[Start of Attachment]
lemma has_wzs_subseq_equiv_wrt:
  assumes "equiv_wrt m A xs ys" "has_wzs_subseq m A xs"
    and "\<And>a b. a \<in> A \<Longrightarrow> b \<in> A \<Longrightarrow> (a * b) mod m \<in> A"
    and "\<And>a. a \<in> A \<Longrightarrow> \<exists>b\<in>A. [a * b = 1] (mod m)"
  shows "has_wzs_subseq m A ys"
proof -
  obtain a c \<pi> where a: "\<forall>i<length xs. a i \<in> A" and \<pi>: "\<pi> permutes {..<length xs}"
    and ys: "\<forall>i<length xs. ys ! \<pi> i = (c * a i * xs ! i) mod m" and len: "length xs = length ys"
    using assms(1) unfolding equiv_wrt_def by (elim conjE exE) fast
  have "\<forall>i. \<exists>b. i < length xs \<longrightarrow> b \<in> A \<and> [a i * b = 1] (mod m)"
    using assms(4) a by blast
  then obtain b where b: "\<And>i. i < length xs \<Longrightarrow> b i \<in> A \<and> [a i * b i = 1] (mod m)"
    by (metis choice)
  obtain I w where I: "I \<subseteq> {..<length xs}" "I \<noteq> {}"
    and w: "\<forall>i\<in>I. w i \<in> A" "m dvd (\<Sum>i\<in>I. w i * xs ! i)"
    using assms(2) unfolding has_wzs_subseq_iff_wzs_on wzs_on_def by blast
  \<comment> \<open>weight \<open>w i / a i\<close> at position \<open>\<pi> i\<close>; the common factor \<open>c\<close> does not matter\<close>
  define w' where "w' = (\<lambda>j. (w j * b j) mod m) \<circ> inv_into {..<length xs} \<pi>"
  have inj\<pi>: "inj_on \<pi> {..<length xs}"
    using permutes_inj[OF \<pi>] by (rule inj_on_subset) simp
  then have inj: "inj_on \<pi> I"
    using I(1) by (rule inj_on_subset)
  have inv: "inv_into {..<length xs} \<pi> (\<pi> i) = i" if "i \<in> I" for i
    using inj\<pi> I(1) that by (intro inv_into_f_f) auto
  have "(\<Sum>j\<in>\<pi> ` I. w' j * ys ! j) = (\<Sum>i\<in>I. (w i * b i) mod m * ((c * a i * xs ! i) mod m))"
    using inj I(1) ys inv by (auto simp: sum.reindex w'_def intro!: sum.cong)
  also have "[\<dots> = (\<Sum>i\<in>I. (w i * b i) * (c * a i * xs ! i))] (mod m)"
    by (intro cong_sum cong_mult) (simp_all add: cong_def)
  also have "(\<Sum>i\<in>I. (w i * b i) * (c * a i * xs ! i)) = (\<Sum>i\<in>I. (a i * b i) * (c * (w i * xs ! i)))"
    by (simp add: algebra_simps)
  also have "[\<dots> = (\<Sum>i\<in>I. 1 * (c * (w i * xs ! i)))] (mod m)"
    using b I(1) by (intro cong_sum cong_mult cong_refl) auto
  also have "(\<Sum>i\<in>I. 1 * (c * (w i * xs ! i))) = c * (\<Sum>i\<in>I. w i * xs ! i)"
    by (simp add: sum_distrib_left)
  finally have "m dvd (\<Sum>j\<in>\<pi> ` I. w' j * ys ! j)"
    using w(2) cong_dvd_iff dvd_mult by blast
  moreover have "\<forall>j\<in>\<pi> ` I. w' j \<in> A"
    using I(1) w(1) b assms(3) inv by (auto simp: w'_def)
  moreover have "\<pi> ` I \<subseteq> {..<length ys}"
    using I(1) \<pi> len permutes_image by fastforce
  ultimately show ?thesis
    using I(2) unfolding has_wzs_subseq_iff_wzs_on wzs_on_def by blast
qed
[End of Attachment]
[Start of Attachment]
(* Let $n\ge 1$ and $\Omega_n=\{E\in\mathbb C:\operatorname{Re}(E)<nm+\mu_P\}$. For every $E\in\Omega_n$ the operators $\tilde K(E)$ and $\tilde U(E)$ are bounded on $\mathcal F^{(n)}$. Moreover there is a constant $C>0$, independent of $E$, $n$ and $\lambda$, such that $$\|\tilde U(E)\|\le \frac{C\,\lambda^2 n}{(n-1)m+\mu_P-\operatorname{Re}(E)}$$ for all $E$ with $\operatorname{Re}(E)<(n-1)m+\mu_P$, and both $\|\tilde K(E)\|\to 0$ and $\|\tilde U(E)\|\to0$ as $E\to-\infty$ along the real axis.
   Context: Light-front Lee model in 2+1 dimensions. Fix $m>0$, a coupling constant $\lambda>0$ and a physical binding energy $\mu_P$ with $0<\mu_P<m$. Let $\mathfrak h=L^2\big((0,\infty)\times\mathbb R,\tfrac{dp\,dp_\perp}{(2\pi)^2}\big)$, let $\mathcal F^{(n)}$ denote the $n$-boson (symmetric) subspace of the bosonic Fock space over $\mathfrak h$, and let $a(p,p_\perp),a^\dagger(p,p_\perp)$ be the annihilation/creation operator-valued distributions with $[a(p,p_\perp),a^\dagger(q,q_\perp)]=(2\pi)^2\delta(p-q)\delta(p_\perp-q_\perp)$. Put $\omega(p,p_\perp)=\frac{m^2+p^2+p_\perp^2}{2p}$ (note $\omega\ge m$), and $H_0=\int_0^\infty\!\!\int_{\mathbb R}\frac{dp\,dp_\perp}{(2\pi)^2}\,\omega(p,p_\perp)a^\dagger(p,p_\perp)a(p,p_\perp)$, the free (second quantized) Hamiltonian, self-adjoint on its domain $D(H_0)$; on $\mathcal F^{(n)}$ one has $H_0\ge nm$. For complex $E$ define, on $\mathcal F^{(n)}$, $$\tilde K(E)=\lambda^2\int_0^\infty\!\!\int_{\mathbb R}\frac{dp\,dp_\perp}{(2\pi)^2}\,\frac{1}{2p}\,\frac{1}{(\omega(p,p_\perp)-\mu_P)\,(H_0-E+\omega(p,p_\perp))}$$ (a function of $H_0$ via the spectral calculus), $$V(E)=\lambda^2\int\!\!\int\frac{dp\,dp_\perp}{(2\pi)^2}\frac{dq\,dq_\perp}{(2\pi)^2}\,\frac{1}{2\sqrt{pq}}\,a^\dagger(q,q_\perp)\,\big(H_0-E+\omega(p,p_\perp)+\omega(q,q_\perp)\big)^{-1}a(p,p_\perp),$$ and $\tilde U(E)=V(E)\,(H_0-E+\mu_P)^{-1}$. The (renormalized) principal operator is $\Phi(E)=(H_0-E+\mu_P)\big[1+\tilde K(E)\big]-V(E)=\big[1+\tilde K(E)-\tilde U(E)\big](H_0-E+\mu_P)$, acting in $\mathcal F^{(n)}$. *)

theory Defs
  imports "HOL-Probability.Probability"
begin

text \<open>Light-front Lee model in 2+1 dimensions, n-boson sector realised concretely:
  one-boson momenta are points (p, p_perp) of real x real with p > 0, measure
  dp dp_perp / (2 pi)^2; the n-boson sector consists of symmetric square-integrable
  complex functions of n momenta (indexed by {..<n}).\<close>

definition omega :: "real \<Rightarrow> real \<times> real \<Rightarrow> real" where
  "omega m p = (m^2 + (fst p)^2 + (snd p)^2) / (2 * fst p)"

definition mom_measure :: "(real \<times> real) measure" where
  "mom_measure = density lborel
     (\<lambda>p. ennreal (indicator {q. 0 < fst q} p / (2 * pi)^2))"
[End of Attachment]
Beginning with the line containing "A \<Longrightarrow> \<exists>b\<in>A." and ending with the line containing "by (metis choice)", extract those lines exactly from the listing above, and only those.

    and "\<And>a. a \<in> A \<Longrightarrow> \<exists>b\<in>A. [a * b = 1] (mod m)"
  shows "has_wzs_subseq m A ys"
proof -
  obtain a c \<pi> where a: "\<forall>i<length xs. a i \<in> A" and \<pi>: "\<pi> permutes {..<length xs}"
    and ys: "\<forall>i<length xs. ys ! \<pi> i = (c * a i * xs ! i) mod m" and len: "length xs = length ys"
    using assms(1) unfolding equiv_wrt_def by (elim conjE exE) fast
  have "\<forall>i. \<exists>b. i < length xs \<longrightarrow> b \<in> A \<and> [a i * b = 1] (mod m)"
    using assms(4) a by blast
  then obtain b where b: "\<And>i. i < length xs \<Longrightarrow> b i \<in> A \<and> [a i * b i = 1] (mod m)"
    by (metis choice)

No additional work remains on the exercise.